1 - Are my solutions above possible or should I wait for Isohop?
2 - Which of the 2 options above are better?
3 - Is 10g of 12% AA for an hour about right in a 2L boil size


----------



## Bribie G (26/3/11)

Now, if you just want to add bitterness, a way I've found (by inadvertently adding _unwanted_ bitterness) is to get a litre sized coffee plunger, boil up 2 litres of water with 30g of Galena or another neutral high AA hop until it has boiled down enough to fit into the plunger. Plunge and add. 

Not scientific and I wouldn't even look at Beersmith for this exercise, but it will give a good boost and hopefully rescue the brew (which will of course be a tad under gravity, but only around 700 ml will end up in the keg).
The hop utilisation figures are strange to me, because every time I have made hop tea on boiling water, even without a long boil, the resulting extract has been so bitter you sip a quarter of a teaspoon and walk around for the next half hour saying "I am noot a froog moothed oowl"


----------



## felten (26/3/11)

I would combine the priming sugar into the bittering solution, but at the end of the boil so you don't have to worry about the SG throwing it out.


----------



## Bribie G (26/3/11)

Yes I missed that, if you are bottling then add the priming sugar to the boil and you should get extra utilisation, but remember that some of the sugar solution will be absorbed by the hop material so you will need to do some fancy calcs. :icon_cheers: Maybe allow for 1/3 to be wasted.


----------



## bum (26/3/11)

BribieG said:


> Yes I missed that, if you are bottling then add the priming sugar to the boil and you should get extra utilisation


No sugar means more bitterness, right?

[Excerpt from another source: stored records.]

lemma first_child_label_subset:
  assumes adm_t: "admissible (Node X t1 t2)" and adm_s: "admissible (Node X s1 s2)"
    and eq: "edge_map (Node X t1 t2) = edge_map (Node X s1 s2)"
  shows "label t1 \<subseteq> label s1"
proof -
  note t = admissible_NodeD[OF adm_t] and s = admissible_NodeD[OF adm_s]
  have "Max (label t1) = Max (label s1)"
    using Max_label_first_child[OF adm_t] Max_label_first_child[OF adm_s] by (simp only: eq)
  then have "label s1 \<inter> label s2 \<inter> label t1 \<subseteq> {Max (label t1)}"
    using vertex_split.inter[OF s(2)] by auto
  moreover have "\<forall>e\<in>edge_map t1. e \<subseteq> label s1 \<or> e \<subseteq> label s2"
  proof
    fix e assume e: "e \<in> edge_map t1"
    then have "e \<in> edges_K (label t1)" using edge_map_subset_edges_K[OF t(3)] by blast
    then have "e \<noteq> {Min X, Max X}" using vertex_split.root_edge_notin_edges_K(1)[OF t(2)] by blast
    moreover have "e \<in> edge_map (Node X s1 s2)" using e eq[symmetric] by simp
    ultimately have "e \<in> edge_map s1 \<union> edge_map s2" by simp
    then show "e \<subseteq> label s1 \<or> e \<subseteq> label s2"
      using edge_map_subset_edges_K[OF s(3)] edge_map_subset_edges_K[OF s(4)]
      by (auto simp: edges_K_def)
  qed
  ultimately have "label t1 \<subseteq> label s1 \<or> label t1 \<subseteq> label s2"
    using admissible_label_one_side[OF t(3)] by blast
  moreover have "Min X \<in> label t1" "Min X \<notin> label s2"
    using vertex_split.Min_in_first[OF t(2)] vertex_split.Min_in_first[OF s(2)] by auto
  ultimately show ?thesis by blast
qed

lemma edge_map_inj:
  assumes "admissible T" "admissible T'" "label T = label T'" "edge_map T = edge_map T'"
  shows "T = T'"
  using assms
proof (induction T arbitrary: T')
  case (Leaf X)
  then show ?case by (cases T') (auto simp: admissible_Node_iff)
next
  case (Node X t1 t2)
  show ?case
  proof (cases T')
    case (Leaf Y)
    then show ?thesis using Node.prems by (auto simp: admissible_Node_iff)
  next
    case (Node Y s1 s2)
    then have Y: "Y = X" using Node.prems(3) by simp
    have adm_t: "admissible (Node X t1 t2)" and adm_s: "admissible (Node X s1 s2)"
      and eq: "edge_map (Node X t1 t2) = edge_map (Node X s1 s2)"
      using Node.prems Node Y by simp_all
    note t = admissible_NodeD[OF adm_t] and s = admissible_NodeD[OF adm_s]
    have l1: "label t1 = label s1"
      using first_child_label_subset[OF adm_t adm_s eq] first_child_label_subset[OF adm_s adm_t eq[symmetric]]
      by blast
    have l2: "label t2 = label s2"
      using vertex_split.second_eq[OF t(2)] vertex_split.second_eq[OF s(2)] l1 by simp
    have "edge_map t1 = edge_map s1"
      by (subst edge_map_child_eq(1)[OF adm_t], subst edge_map_child_eq(1)[OF adm_s]) (simp only: eq l1)
    then have "t1 = s1" using Node.IH(1) t(3) s(3) l1 by blast
    have "edge_map t2 = edge_map s2"
      by (subst edge_map_child_eq(2)[OF adm_t], subst edge_map_child_eq(2)[OF adm_s]) (simp only: eq l2)
    then have "t2 = s2" using Node.IH(2) t(4) s(4) l2 by blast
    then show ?thesis using \<open>t1 = s1\<close> Node Y by simp
  qed
qed

section \<open>Facets\<close>

lemma edge_map_in_facets:
  assumes "T \<in> Adm V"
  shows "edge_map T \<in> facets V"
proof -
  have T: "admissible T" "label T = V" using assms by (simp_all add: Adm_def)
  then have V: "finite V" "2 \<le> card V" using admissible_card_label card_ge_0_finite by force+
  have "G = edge_map T" if G: "is_face V G" "edge_map T \<subseteq> G" for G
  proof -
    obtain T' where T': "admissible T'" "label T' = V" "G \<subseteq> edge_map T'"
      using face_subset_edge_map[OF V G(1)] by blast
    have "card (edge_map T) = card (edge_map T')"
      using card_edge_map T T' by (metis add_right_cancel)
    then have "edge_map T = edge_map T'"
      using G(2) T'(3) card_subset_eq[OF finite_edge_map] by blast
    then show ?thesis using G(2) T'(3) by blast
  qed
  then show ?thesis using is_face_edge_map[OF T(1)] T(2) by (simp add: facets_def)
qed

lemma facets_subset_edge_map_image:
  assumes "finite V" "2 \<le> card V"
  shows "facets V \<subseteq> edge_map ` Adm V"
proof
  fix F assume F: "F \<in> facets V"
  then obtain T where T: "admissible T" "label T = V" "F \<subseteq> edge_map T"
    using face_subset_edge_map[OF assms] by (auto simp: facets_def)
  then have "edge_map T = F"
    using F is_face_edge_map[OF T(1)] by (auto simp: facets_def)
  then show "F \<in> edge_map ` Adm V" using T by (auto simp: Adm_def)
qed

theorem theorem6p4:
  fixes V :: "nat set"
  assumes "finite V" and "card V \<ge> 2"
  shows "bij_betw edge_map (Adm V) (facets V)"
proof (rule bij_betw_imageI)
  show "inj_on edge_map (Adm V)"
    by (rule inj_onI) (auto simp: Adm_def intro: edge_map_inj)
  show "edge_map ` Adm V = facets V"
    using edge_map_in_facets facets_subset_edge_map_image[OF assms] by blast
qed

end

Did you write that wrong or am I reading it wrong?


----------



## Bribie G (26/3/11)

I was under the impression that more sugaz leads to better isomerisation of the AAs but then I could well be wrong as I don't do emergency hopping much :icon_cheers:


----------



## bum (26/3/11)

I've got no idea about the best way to add bitterness post-fermentation (my beers rarely comeout _under_-bittered :unsure: ) but based purely on IBU alone plain water will pull the most IBU. At least, that has been my understanding.

Totally happy to accept that the bitterness might be more pleasing at the regularly mentioned 1.040 but my presumption has always been that this gravity is preferred for reasons other than IBU alone. Seeing as I'm not the most scientifical brewer in the world, I can't detail what these might be beyond vague shapes of flavour and aroma, etc.

I only posted because your agreement with felten seemed (to me) to be pretty much the exact opposite of his point. Apologies to you both if this is incorrect.


----------



## Bribie G (26/3/11)

Last year I entered a couple of American Ambers in a minicomp and french pressed with boiling water instead of dry hopping and they did end up really bitter - so maybe the water was the cause of the "twang" - I'll read up on it :icon_cheers:


----------



## felten (26/3/11)

Actually now that I think about it, there was an update on brewstrong where they said the hop utilization reduction wasn't from the SG but from the amount of trub involved, and the trub absorbs some of the bittering compounds. However a higher SG (in wort) means more trub so that's why the calcs take the SG into account.


either way, adding the sugar at the end negates the hop matter absorbing some of it like Bribie said, which is a great idea.


----------